Born in 1739 in Paramaribo, Susanna was the daughter of Dutch lawyer Solomon du Plessis (1705-1785) and the plantation owner Johanna Margaretha van Strijp (1706–1769). She descended from French Huguenot refugees on her father's side. Her mother had inherited a plantation after her first spouse. Her father returned to the Netherlands in 1747 and was banned from returning to the colony in 1755.

She married in 1754 at the age of 15 to Frans Laurens Willem Grand (1730–1762); he died early, the marriage having produced no children. She inherited the big plantation Grand Plaisir from her late spouse at the age of 23 in 1762. In 1767, she married Frederik Cornelis Stolkert (c. 1747 – c. 1804), son of Elisabeth Buys.

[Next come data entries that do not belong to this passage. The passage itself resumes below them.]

lemma det_mat_scaled:
  fixes A :: "nat \<Rightarrow> nat \<Rightarrow> 'a :: comm_ring_1"
  shows "det (mat n n (\<lambda>(i, j). c i * A i j * d j))
     = (\<Prod>i<n. c i) * (\<Prod>j<n. d j) * det (mat n n (\<lambda>(i, j). A i j))"
proof -
  have "det (mat n n (\<lambda>(i, j). c i * A i j * d j))
     = (\<Sum>p\<in>{p. p permutes {0..<n}}. signof p * (\<Prod>i=0..<n. c i * A i (p i) * d (p i)))"
    by (subst det_def'[of _ n]) auto
  also have "\<dots> = (\<Sum>p\<in>{p. p permutes {0..<n}}.
      (\<Prod>i<n. c i) * (\<Prod>j<n. d j) * (signof p * (\<Prod>i=0..<n. A i (p i))))"
  proof (rule sum.cong[OF refl])
    fix p assume "p \<in> {p. p permutes {0..<n}}"
    then have "(\<Prod>i=0..<n. d (p i)) = (\<Prod>j=0..<n. d j)"
      using prod.permute[of p "{0..<n}" d] by (simp add: comp_def)
    then show "signof p * (\<Prod>i=0..<n. c i * A i (p i) * d (p i))
        = (\<Prod>i<n. c i) * (\<Prod>j<n. d j) * (signof p * (\<Prod>i=0..<n. A i (p i)))"
      by (simp add: prod.distrib atLeast0LessThan mult_ac)
  qed
  also have "\<dots> = (\<Prod>i<n. c i) * (\<Prod>j<n. d j) * det (mat n n (\<lambda>(i, j). A i j))"
    by (subst det_def'[of _ n]) (auto simp: sum_distrib_left)
  finally show ?thesis .
qed

lemma det_first_row_zero:
  fixes A :: "'a :: comm_ring_1 mat"
  assumes A: "A \<in> carrier_mat (Suc n) (Suc n)"
    and zero: "\<And>j. 0 < j \<Longrightarrow> j < Suc n \<Longrightarrow> A $$ (0, j) = 0"
  shows "det A = A $$ (0, 0) * det (mat n n (\<lambda>(i, j). A $$ (Suc i, Suc j)))"
proof -
  have "det A = (\<Sum>j<Suc n. A $$ (0, j) * cofactor A 0 j)"
    by (rule laplace_expansion_row[OF A]) simp
  also have "\<dots> = A $$ (0, 0) * cofactor A 0 0"
    by (subst sum.lessThan_Suc_shift) (simp add: zero)
  finally have "det A = A $$ (0, 0) * cofactor A 0 0" .
  moreover have "mat_delete A 0 0 = mat n n (\<lambda>(i, j). A $$ (Suc i, Suc j))"
    using A unfolding mat_delete_def by (intro eq_matI) auto
  ultimately show ?thesis unfolding cofactor_def by simp
qed

lemma det_mult_upper_unitriangular:
  fixes A U :: "'a :: comm_ring_1 mat"
  assumes A: "A \<in> carrier_mat n n" and U: "U \<in> carrier_mat n n"
    and diag: "\<And>i. i < n \<Longrightarrow> U $$ (i, i) = 1"
    and upper: "\<And>i j. j < i \<Longrightarrow> i < n \<Longrightarrow> U $$ (i, j) = 0"
  shows "det (A * U) = det A"
proof -
  have "det U = prod_list (diag_mat U)"
    by (rule det_upper_triangular[OF _ U]) (use U upper in \<open>auto simp: upper_triangular_def\<close>)
  also have "\<dots> = 1"
    unfolding prod_list_diag_prod using U diag by (intro prod.neutral) auto
  finally show ?thesis using det_mult[OF A U] by simp
qed

definition vandermonde :: "nat \<Rightarrow> (nat \<Rightarrow> 'a :: comm_ring_1) \<Rightarrow> 'a" where
  "vandermonde n a = (\<Prod>j<n. \<Prod>i<j. a j - a i)"

lemma vandermonde_Suc:
  "vandermonde (Suc n) a = (\<Prod>j<n. a (Suc j) - a 0) * vandermonde n (\<lambda>j. a (Suc j))"
  unfolding vandermonde_def prod.lessThan_Suc_shift prod.distrib by simp

lemma vandermonde_nonzero:
  fixes a :: "nat \<Rightarrow> 'a :: idom"
  assumes "inj_on a {..<n}"
  shows "vandermonde n a \<noteq> 0"
proof -
  have "a j - a i \<noteq> 0" if "i < j" "j < n" for i j
    using inj_onD[OF assms, of j i] that by auto
  then show ?thesis unfolding vandermonde_def by simp
qed

lemma det_vandermonde:
  fixes a :: "nat \<Rightarrow> 'a :: comm_ring_1"
  shows "det (mat n n (\<lambda>(k, j). a k ^ j)) = vandermonde n a"
proof (induction n arbitrary: a)
  case 0
  show ?case by (simp add: vandermonde_def)
next
  case (Suc n)
  define M where "M = mat (Suc n) (Suc n) (\<lambda>(k, j). a k ^ j)"
  define U where "U = mat (Suc n) (Suc n)
    (\<lambda>(i, j). if i = j then 1 else if j = Suc i then - a 0 else 0)"
  \<comment> \<open>column j minus a 0 times column j - 1\<close>
  have MU: "(M * U) $$ (k, j) = (if j = 0 then 1 else a k ^ j - a 0 * a k ^ (j - 1))"
    if "k < Suc n" "j < Suc n" for k j
  proof -
    have "(M * U) $$ (k, j)
        = (\<Sum>m<Suc n. a k ^ m * (if m = j then 1 else if j = Suc m then - a 0 else 0))"
      unfolding M_def U_def using that by (subst index_mult_mat_mat) (auto intro!: sum.cong)
    also have "\<dots> = (\<Sum>m<Suc n. (if m = j then a k ^ m else 0)
        + (if j = Suc m then - a 0 * a k ^ m else 0))"
      by (intro sum.cong) auto
    also have "\<dots> = (if j = 0 then 1 else a k ^ j - a 0 * a k ^ (j - 1))"
      using that by (cases j) (auto simp: sum.distrib)
    finally show ?thesis .
  qed
  have "det M = det (M * U)"
    by (rule det_mult_upper_unitriangular[symmetric]) (auto simp: M_def U_def)
  also have "\<dots> = (M * U) $$ (0, 0) * det (mat n n (\<lambda>(i, j). (M * U) $$ (Suc i, Suc j)))"
  proof (rule det_first_row_zero)
    show "M * U \<in> carrier_mat (Suc n) (Suc n)" unfolding M_def U_def by (rule mult_carrier_mat) auto
    show "(M * U) $$ (0, j) = 0" if "0 < j" "j < Suc n" for j
      using MU[of 0 j] that by (cases j) auto
  qed
  also have "mat n n (\<lambda>(i, j). (M * U) $$ (Suc i, Suc j))
      = mat n n (\<lambda>(i, j). (a (Suc i) - a 0) * a (Suc i) ^ j * 1)"
    by (rule eq_matI) (simp_all add: MU left_diff_distrib)
  finally show ?case
    using MU[of 0 0] det_mat_scaled[of n "\<lambda>i. a (Suc i) - a 0" "\<lambda>i j. a (Suc i) ^ j" "\<lambda>_. 1"]
      Suc.IH[of "\<lambda>i. a (Suc i)"]
    by (simp add: M_def vandermonde_Suc)
qed

lemma det_Suc_schur_complement:
  fixes A :: "nat \<Rightarrow> nat \<Rightarrow> 'a :: field"
  assumes "A 0 0 \<noteq> 0"
  shows "det (mat (Suc n) (Suc n) (\<lambda>(i, j). A i j))
    = A 0 0 * det (mat n n (\<lambda>(i, j). A (Suc i) (Suc j) - A (Suc i) 0 * A 0 (Suc j) / A 0 0))"
proof -
  define M where "M = mat (Suc n) (Suc n) (\<lambda>(i, j). A i j)"
  define R where "R = mat (Suc n) (Suc n)
    (\<lambda>(i, j). if i = j then 1 else if i = 0 then - A 0 j / A 0 0 else 0)"
  have MR: "(M * R) $$ (i, j) = A i j - (if j = 0 then 0 else A i 0 * A 0 j / A 0 0)"
    if "i < Suc n" "j < Suc n" for i j
  proof -
    have "(M * R) $$ (i, j)
        = (\<Sum>m<Suc n. A i m * (if m = j then 1 else if m = 0 then - A 0 j / A 0 0 else 0))"
      unfolding M_def R_def using that by (subst index_mult_mat_mat) (auto intro!: sum.cong)
    also have "\<dots> = (\<Sum>m<Suc n. (if m = j then A i m else 0)
        + (if m = 0 \<and> j \<noteq> 0 then - (A i m * A 0 j / A 0 0) else 0))"
      by (intro sum.cong) auto
    also have "\<dots> = A i j - (if j = 0 then 0 else A i 0 * A 0 j / A 0 0)"
      using that by (simp add: sum.distrib)
    finally show ?thesis .
  qed
  have "det M = det (M * R)"
    by (rule det_mult_upper_unitriangular[symmetric]) (auto simp: M_def R_def)
  also have "\<dots> = (M * R) $$ (0, 0) * det (mat n n (\<lambda>(i, j). (M * R) $$ (Suc i, Suc j)))"
  proof (rule det_first_row_zero)
    show "M * R \<in> carrier_mat (Suc n) (Suc n)" unfolding M_def R_def by (rule mult_carrier_mat) auto
    show "(M * R) $$ (0, j) = 0" if "0 < j" "j < Suc n" for j
      using MR[of 0 j] that assms by simp
  qed
  also have "mat n n (\<lambda>(i, j). (M * R) $$ (Suc i, Suc j))
      = mat n n (\<lambda>(i, j). A (Suc i) (Suc j) - A (Suc i) 0 * A 0 (Suc j) / A 0 0)"
    by (rule eq_matI) (simp_all add: MR)
  finally show ?thesis using MR[of 0 0] by (simp add: M_def)
qed

lemma prod_lessThan_Suc_square:
  "(\<Prod>i<Suc n. \<Prod>j<Suc n. f i j) = f 0 0 * (\<Prod>j<n. f 0 (Suc j)) * (\<Prod>i<n. f (Suc i) 0)
     * (\<Prod>i<n. \<Prod>j<n. f (Suc i) (Suc j))"
  unfolding prod.lessThan_Suc_shift prod.distrib by (simp add: mult_ac)

lemma det_cauchy:
  fixes a b :: "nat \<Rightarrow> 'a :: field"
  assumes "\<And>i j. i < n \<Longrightarrow> j < n \<Longrightarrow> a i + b j \<noteq> 0"
  shows "det (mat n n (\<lambda>(i, j). 1 / (a i + b j)))
    = vandermonde n a * vandermonde n b * (\<Prod>i<n. \<Prod>j<n. 1 / (a i + b j))"
  using assms
proof (induction n arbitrary: a b)
  case 0
  show ?case by (simp add: vandermonde_def)
next
  case (Suc n)
  have nz: "a i + b j \<noteq> 0" if "i < Suc n" "j < Suc n" for i j
    using Suc.prems that .
  define c where "c i = (a (Suc i) - a 0) / (a (Suc i) + b 0)" for i
  define d where "d j = (b (Suc j) - b 0) / (a 0 + b (Suc j))" for j
  have schur: "1 / (a (Suc i) + b (Suc j))
      - 1 / (a (Suc i) + b 0) * (1 / (a 0 + b (Suc j))) / (1 / (a 0 + b 0))
      = c i * (1 / (a (Suc i) + b (Suc j))) * d j" if "i < n" "j < n" for i j
    using nz[of "Suc i" "Suc j"] nz[of "Suc i" 0] nz[of 0 "Suc j"] nz[of 0 0] that
    unfolding c_def d_def by (simp add: divide_simps) (simp add: algebra_simps)
  have "det (mat (Suc n) (Suc n) (\<lambda>(i, j). 1 / (a i + b j)))
      = 1 / (a 0 + b 0) * det (mat n n (\<lambda>(i, j). 1 / (a (Suc i) + b (Suc j))
          - 1 / (a (Suc i) + b 0) * (1 / (a 0 + b (Suc j))) / (1 / (a 0 + b 0))))"
    using det_Suc_schur_complement[of "\<lambda>i j. 1 / (a i + b j)" n] nz[of 0 0] by simp
  also have "mat n n (\<lambda>(i, j). 1 / (a (Suc i) + b (Suc j))
          - 1 / (a (Suc i) + b 0) * (1 / (a 0 + b (Suc j))) / (1 / (a 0 + b 0)))
      = mat n n (\<lambda>(i, j). c i * (1 / (a (Suc i) + b (Suc j))) * d j)"
    using schur by (intro eq_matI) auto
  also have "1 / (a 0 + b 0) * det (mat n n (\<lambda>(i, j). c i * (1 / (a (Suc i) + b (Suc j))) * d j))
      = 1 / (a 0 + b 0) * (\<Prod>i<n. c i) * (\<Prod>j<n. d j)
      * (vandermonde n (\<lambda>i. a (Suc i)) * vandermonde n (\<lambda>j. b (Suc j))
         * (\<Prod>i<n. \<Prod>j<n. 1 / (a (Suc i) + b (Suc j))))"
    using det_mat_scaled[of n c "\<lambda>i j. 1 / (a (Suc i) + b (Suc j))" d]
      Suc.IH[of "\<lambda>i. a (Suc i)" "\<lambda>j. b (Suc j)"] nz by simp
  also have "\<dots> = vandermonde (Suc n) a * vandermonde (Suc n) b
      * (\<Prod>i<Suc n. \<Prod>j<Suc n. 1 / (a i + b j))"
    unfolding vandermonde_Suc prod_lessThan_Suc_square c_def d_def
    by (simp add: prod.distrib prod_dividef mult_ac)
  finally show ?case .
qed

section \<open>Andreief's identity\<close>

definition eval_det :: "nat \<Rightarrow> (nat \<Rightarrow> 'a \<Rightarrow> real) \<Rightarrow> (nat \<Rightarrow> 'a) \<Rightarrow> real" where
  "eval_det n \<phi> X = det (mat n n (\<lambda>(k, i). \<phi> i (X k)))"

lemma eval_det_leibniz:
  "eval_det n \<phi> X = (\<Sum>p\<in>{p. p permutes {..<n}}. signof p * (\<Prod>k<n. \<phi> (p k) (X k)))"
  unfolding eval_det_def by (subst det_def'[of _ n]) (auto simp: atLeast0LessThan)

lemma eval_det_leibniz_transpose:
  "eval_det n \<phi> X = (\<Sum>p\<in>{p. p permutes {..<n}}. signof p * (\<Prod>i<n. \<phi> i (X (p i))))"
proof -
  have "eval_det n \<phi> X = det (transpose_mat (mat n n (\<lambda>(k, i). \<phi> i (X k))))"
    unfolding eval_det_def by (subst det_transpose[of _ n]) auto
  also have "transpose_mat (mat n n (\<lambda>(k, i). \<phi> i (X k))) = mat n n (\<lambda>(i, k). \<phi> i (X k))"
    by (rule eq_matI) auto
  also have "det \<dots> = (\<Sum>p\<in>{p. p permutes {..<n}}. signof p * (\<Prod>i<n. \<phi> i (X (p i))))"
    by (subst det_def'[of _ n]) (auto simp: atLeast0LessThan)
  finally show ?thesis .
qed

lemma eval_det_permute_points:
  assumes "\<pi> permutes {..<n}"
  shows "eval_det n \<phi> (\<lambda>k. X (\<pi> k)) = signof \<pi> * eval_det n \<phi> X"
proof -
  have \<pi>: "\<pi> permutes {0..<n}" using assms by (simp add: atLeast0LessThan)
  have "eval_det n \<phi> (\<lambda>k. X (\<pi> k))
      = det (mat n n (\<lambda>(k, i). mat n n (\<lambda>(k, i). \<phi> i (X k)) $$ (\<pi> k, i)))"
    unfolding eval_det_def using permutes_in_image[OF \<pi>]
    by (intro arg_cong[where f = det] eq_matI) auto
  also have "\<dots> = signof \<pi> * eval_det n \<phi> X"
    unfolding eval_det_def by (rule det_permute_rows[OF _ \<pi>]) auto
  finally show ?thesis .
qed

Susanna du Plessis was a successful plantation owner who amassed a fortune from her plantations: despite being a married woman and thus under the guardianship of her husband in contemporary law, she had secured the right to manage her own property in her marriage contract and was thus able to continue to manage the plantation personally after her second marriage in 1767. She divorced her second husband Frederick in 1783, accusing him of cruelty and claiming she feared for her life. She then moved to the capital Paramaribo.

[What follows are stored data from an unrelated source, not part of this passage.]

(* Let $\mathbf{u}(\mathbf{x},t)$, $p(\mathbf{x},t)$, $\theta(\mathbf{x},t)$ be smooth solutions of the dimensionless incompressible, stratified, rotating Euler equations $$\frac{D\mathbf{u}}{Dt} + 2\boldsymbol{\Omega}\times\mathbf{u} + a_0\mathbf{k}\theta = -\nabla p,\qquad \operatorname{div}\mathbf{u}=0,\qquad \frac{D\theta}{Dt}=0,$$ where $\frac{D}{Dt}=\frac{\partial}{\partial t}+\mathbf{u}\cdot\nabla$, $\boldsymbol{\Omega}$ is the constant rotation vector, $\mathbf{k}$ the vertical unit vector and $a_0$ a constant. Let $q=(\boldsymbol{\omega}+2\boldsymbol{\Omega})\cdot\nabla\theta$ with $\boldsymbol{\omega}=\operatorname{curl}\mathbf{u}$, let $Q$ be a smooth function of one variable, and set $\boldsymbol{\mathcal{B}}=\nabla Q(q)\times\nabla\theta$, $\mathcal{B}=|\boldsymbol{\mathcal{B}}|$, $\hat{\boldsymbol{\mathcal{B}}}=\boldsymbol{\mathcal{B}}/\mathcal{B}$. Define $\mathbf{a}=\boldsymbol{\mathcal{B}}\cdot\nabla\mathbf{u}$ and $\mathbf{b}=\frac{D\mathbf{a}}{Dt}$ (which equals $-P\boldsymbol{\mathcal{B}}-\boldsymbol{\mathcal{B}}\cdot\nabla(2\boldsymbol{\Omega}\times\mathbf{u}+a_0\mathbf{k}\theta)$, where $P=(\partial^2 p/\partial x_i\partial x_j)$ is the pressure Hessian), and $$\boldsymbol{\chi}_a=\mathcal{B}^{-1}(\hat{\boldsymbol{\mathcal{B}}}\times\mathbf{a}),\qquad \boldsymbol{\chi}_b=\mathcal{B}^{-1}(\hat{\boldsymbol{\mathcal{B}}}\times\mathbf{b}),$$ with $\chi_a=|\boldsymbol{\chi}_a|$ and $\hat{\boldsymbol{\chi}}_a=\boldsymbol{\chi}_a/\chi_a$. Then, wherever $\mathcal{B}\neq0$ and $\chi_a\neq0$, the triple $\big(\hat{\boldsymbol{\mathcal{B}}},\,\hat{\boldsymbol{\chi}}_a,\,\hat{\boldsymbol{\mathcal{B}}}\times\hat{\boldsymbol{\chi}}_a\big)$ is an orthonormal frame whose Lagrangian time derivatives satisfy $$\frac{D\hat{\boldsymbol{\mathcal{B}}}}{Dt}=\mathbf{D}_a\times\hat{\boldsymbol{\mathcal{B}}},\qquad \frac{D(\hat{\boldsymbol{\mathcal{B}}}\times\hat{\boldsymbol{\chi}}_a)}{Dt}=\mathbf{D}_a\times(\hat{\boldsymbol{\mathcal{B}}}\times\hat{\boldsymbol{\chi}}_a),\qquad \frac{D\hat{\boldsymbol{\chi}}_a}{Dt}=\mathbf{D}_a\times\hat{\boldsymbol{\chi}}_a,$$ where the Darboux angular velocity vector is $$\mathbf{D}_a=\boldsymbol{\chi}_a+\frac{c_b}{\chi_a}\hat{\boldsymbol{\mathcal{B}}},\qquad c_b=\hat{\boldsymbol{\mathcal{B}}}\cdot(\hat{\boldsymbol{\chi}}_a\times\boldsymbol{\chi}_b).$$
   Context: All fields are smooth functions of position $\mathbf{x}\in\mathbb{R}^3$ and time $t$. $\frac{D}{Dt}=\partial_t+\mathbf{u}\cdot\nabla$ is the Lagrangian (material) time derivative along the fluid flow. For vectors, $\boldsymbol{\mathcal{B}}\cdot\nabla\mathbf{u}$ denotes the vector with components $\sum_j\mathcal{B}_j\partial_j u_i$. In this setting $\boldsymbol{\mathcal{B}}$ satisfies $\frac{D\boldsymbol{\mathcal{B}}}{Dt}=\boldsymbol{\mathcal{B}}\cdot\nabla\mathbf{u}$ and $\operatorname{div}\boldsymbol{\mathcal{B}}=0$. *)

theory Defs
  imports "HOL-Analysis.Analysis" "HOL-Analysis.Cross3"
begin

text \<open>Smoothness (C-infinity): differentiable everywhere, and every directional
  derivative field is again smooth (coinductively, i.e. to all orders).\<close>
coinductive smooth :: "('a::real_normed_vector \<Rightarrow> 'b::real_normed_vector) \<Rightarrow> bool" where
  "(\<forall>x. f differentiable (at x)) \<Longrightarrow> (\<forall>v. smooth (\<lambda>x. frechet_derivative f (at x) v))
    \<Longrightarrow> smooth f"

She died in Paramaribo in 1795 and was buried at the gravesite "De Oude Oranjetuin" in Paramaribo. Her tombstone reads: "Finally I have come to rest". It was placed in the floor of the Reformed church in Paramaribo in 1835.

==Legacy==

Already during her own lifetime, she was mentioned, though not by name, in publications describing the cruelty of slavery, which contributed to the anti-slavery movement. She allegedly drowned the baby of one of her slaves because it wouldn't stop crying. The most famous story about her cruelty is about the mulatto slave concubine of her husband, Alida, whose breasts she allegedly cut off and served to her husband at dinner. There is however no confirmation of any of the stories told about her sadistic treatment of her slaves.
It is plausible that she was the subject of a smear campaign by her ex-husband and the governor, who had been a political advisory to her father.

Susanna du Plessis was the object of the play Susanna Duplessis (1963) by Jo Dompig and Eddy Bruma. Her alleged acts of cruelty are also featured in the novel Flarden by Codfried Schreef.